◆ **PROBLEM DETAILS**: An exact transcript of all the records is the expected answer.

Records excerpted from a collection:
• • • • • • •

lemma projection_nbhd_derivative_tangent:
  assumes "projection_nbhd N x0 V" "x \<in> N" "x \<in> V"
    and "(proj N has_derivative E) (at x)"
  shows "E w \<in> tangent_space N x"
proof -
  obtain e where "e > 0" "(\<lambda>s. proj N (x + s *\<^sub>R w)) ` {-e<..<e} \<subseteq> N"
    "((\<lambda>s. proj N (x + s *\<^sub>R w)) has_vector_derivative E w) (at 0)"
    using projection_nbhd_line_curve[OF assms(1,3,4)] .
  then show ?thesis
    unfolding tangent_space_def using proj_eq_self[OF \<open>x \<in> N\<close>] by force
qed

lemma projection_nbhd_derivative_idempotent:
  assumes pn: "projection_nbhd N x0 V" and "x \<in> N" "x \<in> V"
    and dP: "(proj N has_derivative E) (at x)"
  shows "E (E w) = E w"
proof -
  define \<gamma> where "\<gamma> s = proj N (x + s *\<^sub>R w)" for s
  obtain e where e: "e > 0" "\<gamma> ` {-e<..<e} \<subseteq> N" and d\<gamma>: "(\<gamma> has_vector_derivative E w) (at 0)"
    using projection_nbhd_line_curve[OF pn \<open>x \<in> V\<close> dP] unfolding \<gamma>_def[abs_def] .
  have "\<gamma> 0 = x" using proj_eq_self[OF \<open>x \<in> N\<close>] by (simp add: \<gamma>_def)
  then have "(proj N has_derivative E) (at (\<gamma> 0) within range \<gamma>)"
    using dP by (simp add: has_derivative_at_withinI)
  then have chain: "((proj N \<circ> \<gamma>) has_vector_derivative E (E w)) (at 0)"
    by (rule vector_derivative_diff_chain_within[OF d\<gamma>])
  have proj_\<gamma>: "(proj N \<circ> \<gamma>) s = \<gamma> s" if "s \<in> {-e<..<e}" for s
    using e(2) that by (simp add: image_subset_iff proj_eq_self)
  have "(\<gamma> has_vector_derivative E (E w)) (at 0)"
    using has_vector_derivative_transform_within_open[OF chain open_greaterThanLessThan _ proj_\<gamma>, of "-e" e] e(1) by simp
  with d\<gamma> show ?thesis using vector_derivative_unique_at by blast
qed

definition normal_coords :: "('a \<Rightarrow> 'a) \<Rightarrow> ('a \<Rightarrow> 'a) \<Rightarrow> 'a \<Rightarrow> 'a::real_vector" where
  "normal_coords P D y = D (P y) + ((y - P y) - D (y - P y))"

lemma normal_coords_apply_idempotent:
  assumes "linear D" "\<And>u. D (D u) = D u"
  shows "D (normal_coords P D y) = D (P y)"
  using assms by (simp add: normal_coords_def linear_add linear_diff)

lemma normal_coords_fixed_point:
  assumes "linear D" "P y = y"
  shows "normal_coords P D y = D y"
  using assms by (simp add: normal_coords_def linear_0)

lemma normal_coords_has_derivative:
  assumes "(P has_derivative P') (at y)" "bounded_linear D"
  shows "(normal_coords P D has_derivative (\<lambda>h. D (P' h) + ((h - P' h) - D (h - P' h)))) (at y)"
  unfolding normal_coords_def[abs_def]
  using assms by (intro derivative_intros bounded_linear.has_derivative[OF assms(2)])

• • • • • • •

◆ **SOLUTION TO THE PROBLEM**:
lemma projection_nbhd_derivative_tangent:
  assumes "projection_nbhd N x0 V" "x \<in> N" "x \<in> V"
    and "(proj N has_derivative E) (at x)"
  shows "E w \<in> tangent_space N x"
proof -
  obtain e where "e > 0" "(\<lambda>s. proj N (x + s *\<^sub>R w)) ` {-e<..<e} \<subseteq> N"
    "((\<lambda>s. proj N (x + s *\<^sub>R w)) has_vector_derivative E w) (at 0)"
    using projection_nbhd_line_curve[OF assms(1,3,4)] .
  then show ?thesis
    unfolding tangent_space_def using proj_eq_self[OF \<open>x \<in> N\<close>] by force
qed

lemma projection_nbhd_derivative_idempotent:
  assumes pn: "projection_nbhd N x0 V" and "x \<in> N" "x \<in> V"
    and dP: "(proj N has_derivative E) (at x)"
  shows "E (E w) = E w"
proof -
  define \<gamma> where "\<gamma> s = proj N (x + s *\<^sub>R w)" for s
  obtain e where e: "e > 0" "\<gamma> ` {-e<..<e} \<subseteq> N" and d\<gamma>: "(\<gamma> has_vector_derivative E w) (at 0)"
    using projection_nbhd_line_curve[OF pn \<open>x \<in> V\<close> dP] unfolding \<gamma>_def[abs_def] .
  have "\<gamma> 0 = x" using proj_eq_self[OF \<open>x \<in> N\<close>] by (simp add: \<gamma>_def)
  then have "(proj N has_derivative E) (at (\<gamma> 0) within range \<gamma>)"
    using dP by (simp add: has_derivative_at_withinI)
  then have chain: "((proj N \<circ> \<gamma>) has_vector_derivative E (E w)) (at 0)"
    by (rule vector_derivative_diff_chain_within[OF d\<gamma>])
  have proj_\<gamma>: "(proj N \<circ> \<gamma>) s = \<gamma> s" if "s \<in> {-e<..<e}" for s
    using e(2) that by (simp add: image_subset_iff proj_eq_self)
  have "(\<gamma> has_vector_derivative E (E w)) (at 0)"
    using has_vector_derivative_transform_within_open[OF chain open_greaterThanLessThan _ proj_\<gamma>, of "-e" e] e(1) by simp
  with d\<gamma> show ?thesis using vector_derivative_unique_at by blast
qed

definition normal_coords :: "('a \<Rightarrow> 'a) \<Rightarrow> ('a \<Rightarrow> 'a) \<Rightarrow> 'a \<Rightarrow> 'a::real_vector" where
  "normal_coords P D y = D (P y) + ((y - P y) - D (y - P y))"

lemma normal_coords_apply_idempotent:
  assumes "linear D" "\<And>u. D (D u) = D u"
  shows "D (normal_coords P D y) = D (P y)"
  using assms by (simp add: normal_coords_def linear_add linear_diff)

lemma normal_coords_fixed_point:
  assumes "linear D" "P y = y"
  shows "normal_coords P D y = D y"
  using assms by (simp add: normal_coords_def linear_0)

lemma normal_coords_has_derivative:
  assumes "(P has_derivative P') (at y)" "bounded_linear D"
  shows "(normal_coords P D has_derivative (\<lambda>h. D (P' h) + ((h - P' h) - D (h - P' h)))) (at y)"
  unfolding normal_coords_def[abs_def]
  using assms by (intro derivative_intros bounded_linear.has_derivative[OF assms(2)])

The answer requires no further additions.